合気道には形がない、といわれる。大先生もそれをよくそういわれていた。しかし、大先生がいわれたご本心は、形は大事であり、形をしっかり身につけ、そして、形を形と意識しないまでにならなければならない、ということであると思う。だから、まず形をしっかり身につけるべきであろう。

形とは己の姿勢、態勢、動きの軌跡などである。技をかけるに際して、各時点における息づかいや気持ちの置き所を含めた姿勢、態勢である。どの時点においても、合気の理に合った形をつくらなければならないのである。

形の基本は、△(さんかく)、○(まる)、□(しかく)である。体を入身で△に入り、△で転換し、○くさばいて、天地の呼吸に合わせて□におさめるのである。

見えない気(気持ち)も同じように、△○□でつかい、それで体を導かなければならない。まず、△の気で入身転換するのである。いわゆる気の体当たりと、気の入身転換である。そして、同じように気で○くさばき、□くおさめるのである。

例えば、正面打ち入身投げである。特に注意しなければならない形は、先ず、相手が打ってくる手と、接触する己の手先の手刀とが、十字になって結び、相手と一体化することである。この最初の形を大事にしないと、その後で苦労することになる。

次に、入身で相手の死角にきちっと入り、即、きちっと転換する形である。きちっと入身し、転換するということは、気持ちは相手と体当たりしながら、体は△で進み、即、顔と腹がきちっと180度転換することである。
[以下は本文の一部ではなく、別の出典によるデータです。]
(* Let $P\in\mathfrak N_2$ and let $r:P\to R$ be a retraction onto a retract $R$ of width three which is a tower of nice sections. Suppose $\ell\in[0,h_R-1]$ satisfies $R(\ell)<R(\ell+1)$, and suppose there is $k\in[0,h_P-1]$ such that either (a) $R(\ell)=P(k)$, or (b) $R(\ell)\subsetneq P(k)$, $P(k)\cup P(k+1)$ is of type $3C$, and $r[P(k+1)]\subseteq R(\ell+1\to h_R)$. Then $k\le h_P-3$, $P(k+1)\cup P(k+2)$ is of type $3C$, and $r[P(k+1)]=R(\ell+1)\subseteq P(k+2)$.
   Context: All posets are finite; $h_P$ is the height; level sets $P(0)=\min P$, $P(k+1)=\min(P\setminus\bigcup_{i\le k}P(i))$; $P(k\to\ell)=\bigcup_{i=k}^\ell P(i)$; level sets of $R$ refer to $R$'s own levels. $A<B$ means $a<b$ for all $a\in A,b\in B$. A retraction $r:P\to R$ is an idempotent order-preserving self-map with image $R$. Type $3C$: three disjoint 2-element chains, no further comparabilities. A section is either a 2-element antichain or a poset $P$ of height $h_P\ge1$ with carrier $\{c_{k,j}:k\in[0,h_P],j\in\{0,1,2\}\}$ such that: $c_{0,j}<\dots<c_{h_P,j}$ for each $j$; each $\{c_{k,0},c_{k,1},c_{k,2}\}$ is an antichain; $c_{k,i}<c_{\ell,j}\Rightarrow c_{k,i+1}<c_{\ell,j+1}$ (indices mod 3); and for no $k$ is $P(k)<P(k+1)$ with both 3-element. A section is nice if for all $x<y$: $\{z:z>x\}\not\subseteq\{z:z\ge y\}$ and $\{z:z<y\}\not\subseteq\{z:z\le x\}$. A tower of nice sections is an ordinal sum of nice sections. $\mathfrak N_2$ is the class of nice sections of width three of height $\ge2$ with horizon 2, i.e. $P(k)<P(\ell)$ whenever $\ell\ge k+2$; consecutive level pairs are 6-crowns or of type $3C$. *)

theory Defs
  imports Main
begin

(* Finite posets are represented as finite carrier sets P :: 'a set of a type
   'a :: order, carrying the induced order.  Subposets (e.g. the retract R)
   carry the induced order as well. *)

definition mins :: "'a::order set \<Rightarrow> 'a set" where
  "mins S = {x \<in> S. \<not> (\<exists>y\<in>S. y < x)}"

fun rest :: "'a::order set \<Rightarrow> nat \<Rightarrow> 'a set" where
  "rest S 0 = S"
| "rest S (Suc k) = rest S k - mins (rest S k)"

definition level :: "'a::order set \<Rightarrow> nat \<Rightarrow> 'a set" where
  "level S k = mins (rest S k)"

definition levels_between :: "'a::order set \<Rightarrow> nat \<Rightarrow> nat \<Rightarrow> 'a set" where
  "levels_between S k l = (\<Union>i\<in>{k..l}. level S i)"

definition set_less :: "'a::order set \<Rightarrow> 'a set \<Rightarrow> bool" where
  "set_less A B \<longleftrightarrow> (\<forall>a\<in>A. \<forall>b\<in>B. a < b)"

definition is_chain :: "'a::order set \<Rightarrow> bool" where
  "is_chain C \<longleftrightarrow> (\<forall>x\<in>C. \<forall>y\<in>C. x \<le> y \<or> y \<le> x)"

definition is_antichain :: "'a::order set \<Rightarrow> bool" where
  "is_antichain A \<longleftrightarrow> (\<forall>x\<in>A. \<forall>y\<in>A. x \<le> y \<longrightarrow> x = y)"
lemma pmult_lead_path:
  assumes x: "x \<in> path_alg ori n" and ends: "ends_at ori n w x" and starts: "starts_at w y"
    and valid: "valid_path ori n (v0, as0)" "valid_path ori n (w, bs0)"
    and end0: "path_end ori n (v0, as0) = w"
    and x_le: "\<forall>p. x p \<noteq> 0 \<longrightarrow> path_key p \<le> path_key (v0, as0)"
    and y_le: "\<forall>p. y p \<noteq> 0 \<longrightarrow> path_key p \<le> path_key (w, bs0)"
  shows "(\<forall>p. pmult ori n x y p \<noteq> 0 \<longrightarrow> path_key p \<le> path_key (v0, as0 @ bs0))
    \<and> pmult ori n x y (v0, as0 @ bs0) = x (v0, as0) * y (w, bs0)"
proof -
  have term_le: "path_key (v, cs) \<le> path_key (v0, as0 @ bs0) \<and>
      (path_key (v, cs) = path_key (v0, as0 @ bs0) \<longrightarrow> take k cs = as0)"
    if nz: "x (v, take k cs) * y (path_end ori n (v, take k cs), drop k cs) \<noteq> 0" for v cs k
  proof -
    have x_nz: "x (v, take k cs) \<noteq> 0" and y_nz: "y (path_end ori n (v, take k cs), drop k cs) \<noteq> 0"
      using nz by auto
    have end_w: "path_end ori n (v, take k cs) = w" using ends x_nz by (auto simp: ends_at_def)
    have "path_key (v, take k cs) \<le> path_key (v0, as0)" "path_key (w, drop k cs) \<le> path_key (w, bs0)"
      using x_le x_nz y_le y_nz end_w by auto
    from path_key_append_mono[OF path_alg_valid[OF x x_nz] valid(1) end_w end0 this]
    show ?thesis by simp
  qed
  have "path_key p \<le> path_key (v0, as0 @ bs0)" if "pmult ori n x y p \<noteq> 0" for p
  proof (cases p)
    case (Pair v cs)
    then have "(\<Sum>k\<le>length cs. x (v, take k cs) * y (path_end ori n (v, take k cs), drop k cs)) \<noteq> 0"
      using that by (auto simp: pmult_apply split: if_splits)
    then obtain k where "x (v, take k cs) * y (path_end ori n (v, take k cs), drop k cs) \<noteq> 0"
      using sum.not_neutral_contains_not_neutral by blast
    then show ?thesis using term_le Pair by blast
  qed
  moreover have "pmult ori n x y (v0, as0 @ bs0) = x (v0, as0) * y (w, bs0)"
  proof -
    have "pmult ori n x y (v0, as0 @ bs0) = (\<Sum>k\<le>length (as0 @ bs0).
        x (v0, take k (as0 @ bs0)) * y (path_end ori n (v0, take k (as0 @ bs0)), drop k (as0 @ bs0)))"
      using valid_path_append[OF valid end0] by (simp add: pmult_apply)
    also have "\<dots> = (\<Sum>k\<le>length (as0 @ bs0). if k = length as0 then x (v0, as0) * y (w, bs0) else 0)"
    proof (rule sum.cong[OF refl])
      fix k assume k: "k \<in> {..length (as0 @ bs0)}"
      show "x (v0, take k (as0 @ bs0)) * y (path_end ori n (v0, take k (as0 @ bs0)), drop k (as0 @ bs0))
          = (if k = length as0 then x (v0, as0) * y (w, bs0) else 0)"
      proof (cases "k = length as0")
        case True
        then show ?thesis using end0 by simp
      next
        case False
        then have "take k (as0 @ bs0) \<noteq> as0" using k by (auto dest: arg_cong[of _ _ length])
        then show ?thesis using False term_le[of v0 k "as0 @ bs0"] by auto
      qed
    qed
    finally show ?thesis by (simp add: sum.delta)
  qed
  ultimately show ?thesis by blast
qed

definition lead_path :: "(qpath \<Rightarrow> 'k::field) \<Rightarrow> qpath" where
  "lead_path a = (SOME p. a p \<noteq> 0 \<and> (\<forall>p'. a p' \<noteq> 0 \<longrightarrow> path_key p' \<le> path_key p))"

lemma lead_path_max:
  assumes "finite {p. a p \<noteq> 0}" "a p0 \<noteq> 0"
  shows "a (lead_path a) \<noteq> 0 \<and> (\<forall>p. a p \<noteq> 0 \<longrightarrow> path_key p \<le> path_key (lead_path a))"
proof -
  let ?S = "{p. a p \<noteq> 0}"
  have fin: "finite (path_key ` ?S)" using assms(1) by simp
  have "path_key ` ?S \<noteq> {}" using assms(2) by blast
  from Max_in[OF fin this] obtain p where p: "Max (path_key ` ?S) = path_key p" "p \<in> ?S"
    by (rule imageE)
  have "\<forall>p'. a p' \<noteq> 0 \<longrightarrow> path_key p' \<le> path_key p"
    unfolding p(1)[symmetric] using Max_ge[OF fin] by simp
  then have "\<exists>p. a p \<noteq> 0 \<and> (\<forall>p'. a p' \<noteq> 0 \<longrightarrow> path_key p' \<le> path_key p)"
    using p(2) by blast
  then show ?thesis unfolding lead_path_def by (rule someI_ex)
qed

definition lead_paths :: "(qpath \<Rightarrow> 'k::field) set \<Rightarrow> qpath set" where
  "lead_paths I = {lead_path a | a. a \<in> I \<and> (\<exists>p. a p \<noteq> 0)}"

definition minimal_lead_paths :: "(qpath \<Rightarrow> 'k::field) set \<Rightarrow> qpath set" where
  "minimal_lead_paths I =
     {g \<in> lead_paths I. \<forall>m < length (snd g). (fst g, take m (snd g)) \<notin> lead_paths I}"

text \<open>Such an element exists: multiply any element of \<open>I\<close> with leading path \<open>g\<close> on the right by
  the trivial path at the end of \<open>g\<close> and normalise.\<close>

definition lead_elem :: "(nat \<Rightarrow> bool) \<Rightarrow> nat \<Rightarrow> (qpath \<Rightarrow> 'k::field) set \<Rightarrow> qpath \<Rightarrow> (qpath \<Rightarrow> 'k)" where
  "lead_elem ori n I g = (SOME a. a \<in> I \<and> a g = 1 \<and> (\<forall>p. a p \<noteq> 0 \<longrightarrow> path_key p \<le> path_key g)
     \<and> ends_at ori n (path_end ori n g) a)"
definition cech_one :: "'a topology \<Rightarrow> 'a set \<Rightarrow> ('a, 'r::comm_ring_1) cech_class" where
  "cech_one X Y = cech_cls X Y 0 ({Y}, \<lambda>s. if s \<in> nerve {Y} 0 then 1 else 0)"

definition cech_add :: "'a topology \<Rightarrow> 'a set \<Rightarrow> nat \<Rightarrow> ('a, 'r::comm_ring_1) cech_class
    \<Rightarrow> ('a, 'r) cech_class \<Rightarrow> ('a, 'r) cech_class" where
  "cech_add X Y n A B = (SOME C. \<exists>p\<in>A. \<exists>q\<in>B. \<exists>\<W> lam mu. open_cover_of X Y \<W> \<and>
      cech_map id \<W> (fst p) lam \<and> cech_map id \<W> (fst q) mu \<and>
      C = cech_cls X Y n (\<W>, \<lambda>s. pull \<W> n lam (snd p) s + pull \<W> n mu (snd q) s))"

text \<open>Alexander-Whitney cup product of ordered Cech cochains.\<close>
definition cup_cochain :: "'a set set \<Rightarrow> nat \<Rightarrow> nat \<Rightarrow> ('a, 'r::comm_ring_1) cochain \<Rightarrow> ('a, 'r) cochain \<Rightarrow> ('a, 'r) cochain" where
  "cup_cochain \<W> p q c d s = (if s \<in> nerve \<W> (p + q) then c (take (Suc p) s) * d (drop p s) else 0)"

definition cech_cup :: "'a topology \<Rightarrow> 'a set \<Rightarrow> nat \<Rightarrow> nat \<Rightarrow> ('a, 'r::comm_ring_1) cech_class
    \<Rightarrow> ('a, 'r) cech_class \<Rightarrow> ('a, 'r) cech_class" where
  "cech_cup X Y p q A B = (SOME C. \<exists>a\<in>A. \<exists>b\<in>B. \<exists>\<W> lam mu. open_cover_of X Y \<W> \<and>
      cech_map id \<W> (fst a) lam \<and> cech_map id \<W> (fst b) mu \<and>
      C = cech_cls X Y (p + q) (\<W>, cup_cochain \<W> p q (pull \<W> p lam (snd a)) (pull \<W> q mu (snd b))))"

text \<open>Pullback f^* : H^n(Y) \<rightarrow> H^n(Y') along a continuous map f : Y' \<rightarrow> Y
  (restriction of classes is the case f = id, Y' a subspace of Y).\<close>
definition cech_pullback :: "'a topology \<Rightarrow> 'a set \<Rightarrow> 'c topology \<Rightarrow> 'c set \<Rightarrow> ('a \<Rightarrow> 'c) \<Rightarrow> nat
    \<Rightarrow> ('c, 'r::comm_ring_1) cech_class \<Rightarrow> ('a, 'r) cech_class" where
  "cech_pullback X' Y' X Y f n A = (SOME C. \<exists>p\<in>A. \<exists>\<V> lam. open_cover_of X' Y' \<V> \<and>
      cech_map f \<V> (fst p) lam \<and> C = cech_cls X' Y' n (\<V>, pull \<V> n lam (snd p)))"

text \<open>H^n(Y; U; R): classes represented by Cech cocycles on the cover U \<inter> Y.\<close>
definition cech_H_cov :: "'a topology \<Rightarrow> 'a set \<Rightarrow> 'a set set \<Rightarrow> nat \<Rightarrow> ('a, 'r::comm_ring_1) cech_class set" where
  "cech_H_cov X Y \<U> n = {\<eta> \<in> cech_H X Y n. \<exists>c. cech_rep X Y n (cover_restrict \<U> Y, c) \<and>
      \<eta> = cech_cls X Y n (cover_restrict \<U> Y, c)}"

fun cech_cup_list :: "'a topology \<Rightarrow> 'a set \<Rightarrow> nat \<Rightarrow> ('a, 'r::comm_ring_1) cech_class list \<Rightarrow> ('a, 'r) cech_class" where
  "cech_cup_list X Y k [] = cech_one X Y"
| "cech_cup_list X Y k (A # As) = cech_cup X Y k (k * length As) A (cech_cup_list X Y k As)"

fun cech_sum_list :: "'a topology \<Rightarrow> 'a set \<Rightarrow> nat \<Rightarrow> ('a, 'r::comm_ring_1) cech_class list \<Rightarrow> ('a, 'r) cech_class" where
  "cech_sum_list X Y n [] = cech_zero X Y n"
| "cech_sum_list X Y n (A # As) = cech_add X Y n A (cech_sum_list X Y n As)"

text \<open>Cup product over a finite index set (each factor of degree k; the order is
  irrelevant for even k).\<close>
definition cech_cup_set :: "'a topology \<Rightarrow> 'a set \<Rightarrow> nat \<Rightarrow> 'g set \<Rightarrow> ('g \<Rightarrow> ('a, 'r::comm_ring_1) cech_class)
    \<Rightarrow> ('a, 'r) cech_class" where
  "cech_cup_set X Y k F f = cech_cup_list X Y k (map f (SOME xs. distinct xs \<and> set xs = F))"

definition cech_esym :: "'a topology \<Rightarrow> nat \<Rightarrow> 'g set \<Rightarrow> ('g \<Rightarrow> ('a, 'r::comm_ring_1) cech_class) \<Rightarrow> nat
    \<Rightarrow> ('a, 'r) cech_class" where
  "cech_esym X k F f r = cech_sum_list X (topspace X) (k * r)
     (map (\<lambda>S. cech_cup_set X (topspace X) k S f)
        (SOME xs. distinct xs \<and> set xs = {S. S \<subseteq> F \<and> card S = r}))"

definition preim :: "'a topology \<Rightarrow> ('g \<Rightarrow> 'a \<Rightarrow> 'a) \<Rightarrow> 'g \<Rightarrow> 'a set \<Rightarrow> 'a set" where
  "preim X T g Y = {x \<in> topspace X. T g x \<in> Y}"

definition mcid_prop :: "'a topology \<Rightarrow> ('g, 'b) monoid_scheme \<Rightarrow> ('g \<Rightarrow> 'a \<Rightarrow> 'a) \<Rightarrow> nat
    \<Rightarrow> 'r::comm_ring_1 itself \<Rightarrow> real \<Rightarrow> bool" where
  "mcid_prop X G T k R d \<longleftrightarrow>
    (\<forall>\<epsilon>>0. \<exists>Y \<U> (\<eta> :: ('a, 'r) cech_class).
       closedin X Y \<and> fin_open_cover X Y \<U> \<and> cover_dim X Y \<U> \<in> {int k, int k + 1} \<and>
       \<eta> \<in> cech_H_cov X Y \<U> k \<and>
       (\<forall>G0 \<delta>. finite G0 \<and> G0 \<subseteq> carrier G \<and> \<delta> > 0 \<longrightarrow>
          (\<exists>F F0. invariant_set G G0 \<delta> F \<and> F0 \<subseteq> F \<and>
             (let Z = topspace X \<inter> \<Inter>((\<lambda>h. preim X T h Y) ` F0) in
               cech_cup_set X Z k F0
                 (\<lambda>g. cech_pullback X Z X (preim X T g Y) id k
                        (cech_pullback X (preim X T g Y) X Y (T g) k \<eta>))
               \<noteq> cech_zero X Z (k * card F0)) \<and>
             real k * real (card F0) / real (card F) > d - \<epsilon>)))"

definition mcid :: "'a topology \<Rightarrow> ('g, 'b) monoid_scheme \<Rightarrow> ('g \<Rightarrow> 'a \<Rightarrow> 'a) \<Rightarrow> nat
    \<Rightarrow> 'r::comm_ring_1 itself \<Rightarrow> real" where
  "mcid X G T k R = Sup (insert 0 {d. d \<ge> 0 \<and> mcid_prop X G T k R d})"

definition smcid_prop :: "'a topology \<Rightarrow> ('g, 'b) monoid_scheme \<Rightarrow> ('g \<Rightarrow> 'a \<Rightarrow> 'a) \<Rightarrow> nat
    \<Rightarrow> 'r::comm_ring_1 itself \<Rightarrow> real \<Rightarrow> bool" where
  "smcid_prop X G T k R d \<longleftrightarrow>
    (\<exists>\<U> (\<eta> :: ('a, 'r) cech_class).
       fin_open_cover X (topspace X) \<U> \<and> cover_dim X (topspace X) \<U> \<in> {int k, int k + 1} \<and>
       \<eta> \<in> cech_H_cov X (topspace X) \<U> k \<and>
       (\<forall>G0 \<epsilon>. finite G0 \<and> G0 \<subseteq> carrier G \<and> \<epsilon> > 0 \<longrightarrow>
          (\<exists>F r. invariant_set G G0 \<epsilon> F \<and> r \<le> card F \<and>
             cech_esym X k F (\<lambda>g. cech_pullback X (topspace X) X (topspace X) (T g) k \<eta>) r
               \<noteq> cech_zero X (topspace X) (k * r) \<and>
             real k * real r / real (card F) > d - \<epsilon>)))"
体が△となり、相手の力と気持ちも顔と腹を向けた方向に流れると、それだけで相手は無意識にその方向へ進んでくれるものである。この形は安定性と安全性があり、それに、次の動作へ移りやすい形なのである。初心者の多くは、ここで顔と腹を相手に向けてしまうので、そのあとがうまくいかないのである。

この形は、基本的に裏も表も同じである。もちろん、表は難しい。顔と腰、とりわけ腰が、入身転換で十分反転できないからである。先ずは、裏で腹をじゅうぶんに練るのがよいだろう。

この△の形が取れるようになれば、手に剣を持って徒手と同じように動くと、合気剣での△の形となる。つまり、剣もつかえるようになるわけである。

次のポイントになる形は、相手を己の円の動きの中に取りこみ、引き込んでしまう形である。ここで大事なことは、自分で相手を引き込むのではなく、相手が自らこちらの円の中に入り込んでこなければならない、ということである。

そのためには、足と手、とりわけ、足を左、右、左と規則正しく陰陽でつかわなければならない。さらに、息を縦横十字に、イクムスビでつかわなければならない。

初心者の多くは、息もそうだが、足も法則に則ってつかっていないようだ。特に、相手を投げる時の最後の前足が、本来つかうべきである足と逆になっているため、相手が倒れないのである。

息と足が理合いで使われると、相手は浮き上がりながら、こちらへ寄ってくるので、こちらと完全に一体化する形になる。

あとは、寄ってくる相手と十字になって歩を進めれば、相手は自ら、こちらが歩を進めた方向に対して、十字に倒れることになる。十字に相手が倒れることで、□におさまることになる。

形稽古を通して、形を身につけていくことは大事である。形を身につけて、どんな相手ともその形でできるようにするのである。そして、その形に受けの相手を入れてしまうのである。相手は攻撃する気持ちがなくなり、自ら倒れ、崩れていくのである。

これを本部道場の師範であった有川定輝先生は、「女郎蜘蛛のようにからめとるのだ」といわれていた。

まずは、形をしっかり身につけることが大事であると思う。形をどんどん身につけ、そして、いつの日か、その形を形と意識しない、形のない合気道にできればよいだろう。